Data excerpts
★ ★ ★ ★ ★

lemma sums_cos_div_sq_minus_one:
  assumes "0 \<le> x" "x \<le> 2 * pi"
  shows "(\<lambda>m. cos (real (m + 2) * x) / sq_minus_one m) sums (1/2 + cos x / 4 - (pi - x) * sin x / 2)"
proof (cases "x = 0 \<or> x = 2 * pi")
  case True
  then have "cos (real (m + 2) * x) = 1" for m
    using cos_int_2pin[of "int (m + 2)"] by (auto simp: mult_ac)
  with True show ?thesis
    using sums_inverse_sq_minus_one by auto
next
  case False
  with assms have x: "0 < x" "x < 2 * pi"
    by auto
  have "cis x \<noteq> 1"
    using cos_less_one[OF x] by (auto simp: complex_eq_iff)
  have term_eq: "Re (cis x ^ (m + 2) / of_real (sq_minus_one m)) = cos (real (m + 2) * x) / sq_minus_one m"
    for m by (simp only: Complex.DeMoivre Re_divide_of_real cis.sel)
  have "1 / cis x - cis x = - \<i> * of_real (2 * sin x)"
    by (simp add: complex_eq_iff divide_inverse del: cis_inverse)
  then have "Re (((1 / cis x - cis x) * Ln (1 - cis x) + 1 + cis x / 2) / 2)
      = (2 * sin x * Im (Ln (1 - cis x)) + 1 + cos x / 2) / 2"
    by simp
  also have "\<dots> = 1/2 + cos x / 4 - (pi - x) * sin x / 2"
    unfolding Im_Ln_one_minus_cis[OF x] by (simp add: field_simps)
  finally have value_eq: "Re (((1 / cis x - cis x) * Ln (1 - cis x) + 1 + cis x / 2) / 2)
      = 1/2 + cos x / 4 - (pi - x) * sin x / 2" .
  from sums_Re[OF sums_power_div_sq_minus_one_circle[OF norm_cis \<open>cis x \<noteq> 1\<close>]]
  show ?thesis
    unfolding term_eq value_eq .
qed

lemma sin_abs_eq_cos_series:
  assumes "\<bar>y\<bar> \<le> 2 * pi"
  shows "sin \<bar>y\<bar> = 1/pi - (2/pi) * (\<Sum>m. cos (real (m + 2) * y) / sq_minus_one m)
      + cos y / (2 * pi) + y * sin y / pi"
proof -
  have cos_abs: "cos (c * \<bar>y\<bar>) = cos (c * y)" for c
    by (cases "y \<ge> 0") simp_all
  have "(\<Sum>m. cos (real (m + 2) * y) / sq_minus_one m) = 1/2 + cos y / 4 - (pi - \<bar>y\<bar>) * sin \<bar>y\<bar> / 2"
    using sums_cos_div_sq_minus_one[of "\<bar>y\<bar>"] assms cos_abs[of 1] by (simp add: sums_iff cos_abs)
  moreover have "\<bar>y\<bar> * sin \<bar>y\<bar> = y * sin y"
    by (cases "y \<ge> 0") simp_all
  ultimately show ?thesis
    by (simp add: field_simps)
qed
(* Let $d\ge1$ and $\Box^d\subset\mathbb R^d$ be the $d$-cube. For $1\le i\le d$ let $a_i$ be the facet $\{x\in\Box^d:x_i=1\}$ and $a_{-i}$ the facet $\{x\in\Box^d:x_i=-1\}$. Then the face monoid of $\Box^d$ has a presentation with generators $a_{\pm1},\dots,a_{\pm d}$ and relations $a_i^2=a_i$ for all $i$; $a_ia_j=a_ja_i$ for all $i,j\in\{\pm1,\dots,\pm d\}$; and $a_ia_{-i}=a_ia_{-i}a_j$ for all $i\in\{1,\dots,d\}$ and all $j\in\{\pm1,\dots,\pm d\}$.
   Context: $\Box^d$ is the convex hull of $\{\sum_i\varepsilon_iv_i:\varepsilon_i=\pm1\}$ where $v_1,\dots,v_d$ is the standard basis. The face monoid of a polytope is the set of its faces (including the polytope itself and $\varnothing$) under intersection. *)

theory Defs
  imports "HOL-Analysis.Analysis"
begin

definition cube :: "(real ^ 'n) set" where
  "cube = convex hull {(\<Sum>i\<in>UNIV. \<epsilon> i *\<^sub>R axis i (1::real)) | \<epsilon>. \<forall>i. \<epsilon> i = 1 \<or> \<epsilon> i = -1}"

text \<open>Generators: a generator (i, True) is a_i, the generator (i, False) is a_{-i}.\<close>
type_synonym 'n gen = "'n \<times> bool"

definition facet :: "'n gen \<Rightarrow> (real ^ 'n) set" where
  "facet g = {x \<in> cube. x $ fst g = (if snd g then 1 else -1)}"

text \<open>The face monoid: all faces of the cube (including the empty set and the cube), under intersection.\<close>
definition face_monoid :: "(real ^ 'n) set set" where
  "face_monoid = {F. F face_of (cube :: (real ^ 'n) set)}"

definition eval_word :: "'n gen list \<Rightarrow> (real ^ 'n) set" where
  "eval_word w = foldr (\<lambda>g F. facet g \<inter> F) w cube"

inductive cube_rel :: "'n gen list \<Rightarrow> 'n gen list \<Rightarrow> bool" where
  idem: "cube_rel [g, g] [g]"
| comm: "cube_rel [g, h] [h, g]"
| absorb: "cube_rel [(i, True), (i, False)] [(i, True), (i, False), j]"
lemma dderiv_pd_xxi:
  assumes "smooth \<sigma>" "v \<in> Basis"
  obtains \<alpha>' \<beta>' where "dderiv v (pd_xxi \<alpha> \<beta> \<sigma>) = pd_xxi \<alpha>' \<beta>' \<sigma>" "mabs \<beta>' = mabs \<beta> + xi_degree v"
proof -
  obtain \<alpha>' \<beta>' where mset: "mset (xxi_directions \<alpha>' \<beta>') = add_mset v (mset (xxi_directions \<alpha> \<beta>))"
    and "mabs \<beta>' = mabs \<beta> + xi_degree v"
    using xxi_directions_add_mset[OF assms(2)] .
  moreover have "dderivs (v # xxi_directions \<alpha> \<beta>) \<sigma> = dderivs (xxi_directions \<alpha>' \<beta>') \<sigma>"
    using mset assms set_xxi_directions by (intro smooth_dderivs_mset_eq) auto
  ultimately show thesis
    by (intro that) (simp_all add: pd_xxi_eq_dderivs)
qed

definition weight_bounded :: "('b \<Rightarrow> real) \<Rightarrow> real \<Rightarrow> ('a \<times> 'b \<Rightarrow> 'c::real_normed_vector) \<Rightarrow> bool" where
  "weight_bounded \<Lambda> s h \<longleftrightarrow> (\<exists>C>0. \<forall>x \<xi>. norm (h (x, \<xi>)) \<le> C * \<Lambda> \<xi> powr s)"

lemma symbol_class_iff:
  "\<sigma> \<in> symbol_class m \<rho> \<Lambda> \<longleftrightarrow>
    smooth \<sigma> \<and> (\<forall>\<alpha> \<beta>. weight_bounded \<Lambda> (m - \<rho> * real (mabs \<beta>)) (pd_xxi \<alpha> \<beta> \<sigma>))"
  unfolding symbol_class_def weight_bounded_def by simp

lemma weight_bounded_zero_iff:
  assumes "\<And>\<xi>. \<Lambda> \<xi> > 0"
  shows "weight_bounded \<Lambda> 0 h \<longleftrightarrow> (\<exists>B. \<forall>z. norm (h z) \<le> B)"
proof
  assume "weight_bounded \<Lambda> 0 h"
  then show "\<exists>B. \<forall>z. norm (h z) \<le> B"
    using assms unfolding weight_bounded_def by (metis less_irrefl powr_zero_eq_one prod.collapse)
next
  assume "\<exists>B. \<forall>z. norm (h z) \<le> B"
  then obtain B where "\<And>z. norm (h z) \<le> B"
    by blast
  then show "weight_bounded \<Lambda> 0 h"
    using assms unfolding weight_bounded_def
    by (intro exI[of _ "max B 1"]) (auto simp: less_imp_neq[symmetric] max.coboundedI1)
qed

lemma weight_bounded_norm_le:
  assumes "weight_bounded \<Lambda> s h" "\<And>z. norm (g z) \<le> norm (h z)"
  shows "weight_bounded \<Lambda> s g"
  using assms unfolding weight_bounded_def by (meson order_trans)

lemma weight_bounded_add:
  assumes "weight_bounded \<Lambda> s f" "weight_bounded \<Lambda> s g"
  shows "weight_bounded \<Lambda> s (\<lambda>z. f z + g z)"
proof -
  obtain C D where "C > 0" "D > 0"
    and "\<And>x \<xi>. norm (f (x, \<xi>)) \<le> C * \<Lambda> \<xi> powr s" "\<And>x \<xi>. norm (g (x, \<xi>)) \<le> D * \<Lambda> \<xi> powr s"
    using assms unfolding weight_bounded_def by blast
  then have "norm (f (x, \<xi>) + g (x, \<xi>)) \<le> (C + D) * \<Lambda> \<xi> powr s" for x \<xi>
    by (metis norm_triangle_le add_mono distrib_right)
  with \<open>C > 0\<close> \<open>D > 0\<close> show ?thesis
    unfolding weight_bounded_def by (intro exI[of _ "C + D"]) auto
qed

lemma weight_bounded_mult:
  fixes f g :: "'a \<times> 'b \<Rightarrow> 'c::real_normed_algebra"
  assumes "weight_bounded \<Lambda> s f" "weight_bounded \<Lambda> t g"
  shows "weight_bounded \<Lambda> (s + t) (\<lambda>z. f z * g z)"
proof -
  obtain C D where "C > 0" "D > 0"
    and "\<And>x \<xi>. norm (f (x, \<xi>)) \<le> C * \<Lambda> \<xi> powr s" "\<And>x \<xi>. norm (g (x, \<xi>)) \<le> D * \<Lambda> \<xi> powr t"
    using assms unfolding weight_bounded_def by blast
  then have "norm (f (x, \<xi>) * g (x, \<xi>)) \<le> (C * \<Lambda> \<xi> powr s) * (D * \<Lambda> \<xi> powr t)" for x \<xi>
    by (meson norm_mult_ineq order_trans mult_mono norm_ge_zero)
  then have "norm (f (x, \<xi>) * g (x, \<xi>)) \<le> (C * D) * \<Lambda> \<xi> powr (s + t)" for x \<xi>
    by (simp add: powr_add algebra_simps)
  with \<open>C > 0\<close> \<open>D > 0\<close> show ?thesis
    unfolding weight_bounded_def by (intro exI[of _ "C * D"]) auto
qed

★ ★ ★ ★ ★

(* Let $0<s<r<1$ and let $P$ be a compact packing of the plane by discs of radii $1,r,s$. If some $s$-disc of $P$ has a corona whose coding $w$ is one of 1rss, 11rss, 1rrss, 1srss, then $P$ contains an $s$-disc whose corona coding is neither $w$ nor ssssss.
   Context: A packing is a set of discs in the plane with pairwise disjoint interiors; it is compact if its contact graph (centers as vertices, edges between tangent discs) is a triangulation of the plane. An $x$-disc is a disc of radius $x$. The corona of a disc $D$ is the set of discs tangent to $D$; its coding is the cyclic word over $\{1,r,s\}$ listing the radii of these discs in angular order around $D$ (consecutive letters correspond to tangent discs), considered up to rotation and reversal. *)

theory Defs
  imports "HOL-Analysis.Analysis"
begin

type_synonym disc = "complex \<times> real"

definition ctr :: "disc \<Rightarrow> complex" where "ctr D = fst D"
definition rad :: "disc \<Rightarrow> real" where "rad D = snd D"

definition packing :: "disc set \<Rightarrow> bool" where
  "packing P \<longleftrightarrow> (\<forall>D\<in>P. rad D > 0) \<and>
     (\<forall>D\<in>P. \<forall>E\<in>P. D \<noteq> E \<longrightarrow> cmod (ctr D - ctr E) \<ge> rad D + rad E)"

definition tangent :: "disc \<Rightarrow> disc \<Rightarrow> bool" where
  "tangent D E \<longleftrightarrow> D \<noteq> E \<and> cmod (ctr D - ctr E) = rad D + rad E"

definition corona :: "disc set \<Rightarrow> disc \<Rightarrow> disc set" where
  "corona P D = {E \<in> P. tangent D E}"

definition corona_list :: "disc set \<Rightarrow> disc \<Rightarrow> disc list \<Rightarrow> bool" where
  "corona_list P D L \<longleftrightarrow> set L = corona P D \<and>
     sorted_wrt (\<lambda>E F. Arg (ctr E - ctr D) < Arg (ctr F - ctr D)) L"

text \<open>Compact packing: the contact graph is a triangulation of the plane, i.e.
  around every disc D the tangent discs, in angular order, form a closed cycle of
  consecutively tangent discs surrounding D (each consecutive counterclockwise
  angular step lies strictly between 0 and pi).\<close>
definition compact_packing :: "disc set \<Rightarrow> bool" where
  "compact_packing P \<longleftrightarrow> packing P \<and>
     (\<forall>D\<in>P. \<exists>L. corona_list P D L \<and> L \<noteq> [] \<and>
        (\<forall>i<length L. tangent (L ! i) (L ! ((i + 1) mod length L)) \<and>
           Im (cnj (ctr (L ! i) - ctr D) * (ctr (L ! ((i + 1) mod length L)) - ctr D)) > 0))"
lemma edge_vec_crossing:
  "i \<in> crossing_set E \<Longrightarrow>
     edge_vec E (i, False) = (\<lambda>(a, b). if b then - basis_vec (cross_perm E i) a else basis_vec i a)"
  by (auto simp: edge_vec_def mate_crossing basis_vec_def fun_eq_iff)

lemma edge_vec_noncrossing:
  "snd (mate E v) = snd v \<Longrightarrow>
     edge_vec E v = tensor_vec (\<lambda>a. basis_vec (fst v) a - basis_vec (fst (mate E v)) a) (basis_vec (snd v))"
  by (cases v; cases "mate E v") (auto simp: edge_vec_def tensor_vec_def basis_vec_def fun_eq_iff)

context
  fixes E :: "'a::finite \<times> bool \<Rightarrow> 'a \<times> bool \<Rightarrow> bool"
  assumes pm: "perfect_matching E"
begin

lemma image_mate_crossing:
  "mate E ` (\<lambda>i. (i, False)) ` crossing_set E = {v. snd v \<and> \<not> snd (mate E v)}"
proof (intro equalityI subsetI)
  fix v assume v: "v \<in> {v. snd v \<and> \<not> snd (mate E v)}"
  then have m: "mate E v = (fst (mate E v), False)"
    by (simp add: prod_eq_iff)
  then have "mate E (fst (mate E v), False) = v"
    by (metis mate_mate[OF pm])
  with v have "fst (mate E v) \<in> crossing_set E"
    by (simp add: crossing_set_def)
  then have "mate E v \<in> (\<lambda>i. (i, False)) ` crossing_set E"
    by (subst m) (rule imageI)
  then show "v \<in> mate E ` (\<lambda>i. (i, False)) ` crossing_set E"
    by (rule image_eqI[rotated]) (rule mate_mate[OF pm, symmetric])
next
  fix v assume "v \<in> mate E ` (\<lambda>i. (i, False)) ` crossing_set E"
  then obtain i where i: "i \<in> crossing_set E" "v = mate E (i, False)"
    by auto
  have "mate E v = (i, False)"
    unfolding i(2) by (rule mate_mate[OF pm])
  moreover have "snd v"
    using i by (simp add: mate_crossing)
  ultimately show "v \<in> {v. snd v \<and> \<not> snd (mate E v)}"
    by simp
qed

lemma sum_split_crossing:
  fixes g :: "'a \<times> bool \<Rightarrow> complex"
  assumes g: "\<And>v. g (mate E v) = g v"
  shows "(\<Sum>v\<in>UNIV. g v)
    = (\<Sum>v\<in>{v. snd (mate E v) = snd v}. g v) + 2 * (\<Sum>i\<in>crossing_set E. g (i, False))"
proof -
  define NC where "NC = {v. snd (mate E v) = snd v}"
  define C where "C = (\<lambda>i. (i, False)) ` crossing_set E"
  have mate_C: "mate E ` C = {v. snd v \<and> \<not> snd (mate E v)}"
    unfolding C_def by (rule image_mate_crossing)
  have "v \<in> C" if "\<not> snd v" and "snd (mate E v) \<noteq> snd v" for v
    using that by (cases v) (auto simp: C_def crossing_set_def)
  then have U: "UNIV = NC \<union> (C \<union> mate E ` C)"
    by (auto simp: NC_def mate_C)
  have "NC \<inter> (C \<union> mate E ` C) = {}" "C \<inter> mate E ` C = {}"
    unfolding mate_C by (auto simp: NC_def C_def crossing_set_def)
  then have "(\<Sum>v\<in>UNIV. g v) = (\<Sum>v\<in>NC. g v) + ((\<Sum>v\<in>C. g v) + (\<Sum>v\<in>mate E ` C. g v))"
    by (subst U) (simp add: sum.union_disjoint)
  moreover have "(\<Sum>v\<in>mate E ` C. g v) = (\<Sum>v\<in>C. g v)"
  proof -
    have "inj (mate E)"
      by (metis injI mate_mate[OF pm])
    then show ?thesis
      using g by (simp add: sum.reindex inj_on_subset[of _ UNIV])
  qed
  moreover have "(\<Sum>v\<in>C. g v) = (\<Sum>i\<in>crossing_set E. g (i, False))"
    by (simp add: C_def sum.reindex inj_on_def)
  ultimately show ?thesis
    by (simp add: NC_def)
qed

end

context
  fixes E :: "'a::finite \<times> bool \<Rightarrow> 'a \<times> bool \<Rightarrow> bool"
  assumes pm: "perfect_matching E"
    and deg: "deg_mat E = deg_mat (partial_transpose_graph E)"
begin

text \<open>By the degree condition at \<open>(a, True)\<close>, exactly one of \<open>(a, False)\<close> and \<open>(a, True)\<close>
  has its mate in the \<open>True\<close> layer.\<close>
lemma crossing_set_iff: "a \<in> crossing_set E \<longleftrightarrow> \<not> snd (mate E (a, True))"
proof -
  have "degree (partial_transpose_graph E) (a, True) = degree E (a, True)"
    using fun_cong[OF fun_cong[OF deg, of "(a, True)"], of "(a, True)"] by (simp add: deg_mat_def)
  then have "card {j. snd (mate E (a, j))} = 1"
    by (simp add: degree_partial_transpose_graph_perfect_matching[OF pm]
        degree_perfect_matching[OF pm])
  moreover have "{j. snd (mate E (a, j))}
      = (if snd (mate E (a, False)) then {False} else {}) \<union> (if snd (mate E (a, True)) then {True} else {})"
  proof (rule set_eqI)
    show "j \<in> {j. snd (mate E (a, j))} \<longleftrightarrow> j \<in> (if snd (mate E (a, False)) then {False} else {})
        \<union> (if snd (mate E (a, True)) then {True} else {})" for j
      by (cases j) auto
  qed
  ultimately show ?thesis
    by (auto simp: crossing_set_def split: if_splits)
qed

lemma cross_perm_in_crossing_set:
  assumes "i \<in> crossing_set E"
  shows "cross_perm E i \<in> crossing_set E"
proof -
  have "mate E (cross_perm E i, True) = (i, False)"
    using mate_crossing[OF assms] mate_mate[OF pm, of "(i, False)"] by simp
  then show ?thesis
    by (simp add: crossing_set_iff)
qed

★ ★ ★ ★ ★

YOUR INSTRUCTIONS
After locating the line holding "using sums_inverse_sq_minus_one by auto" above, output exactly that line and every line after it through the line holding "of_real (2 *". Include nothing else.

ANSWER SPACE
    using sums_inverse_sq_minus_one by auto
next
  case False
  with assms have x: "0 < x" "x < 2 * pi"
    by auto
  have "cis x \<noteq> 1"
    using cos_less_one[OF x] by (auto simp: complex_eq_iff)
  have term_eq: "Re (cis x ^ (m + 2) / of_real (sq_minus_one m)) = cos (real (m + 2) * x) / sq_minus_one m"
    for m by (simp only: Complex.DeMoivre Re_divide_of_real cis.sel)
  have "1 / cis x - cis x = - \<i> * of_real (2 * sin x)"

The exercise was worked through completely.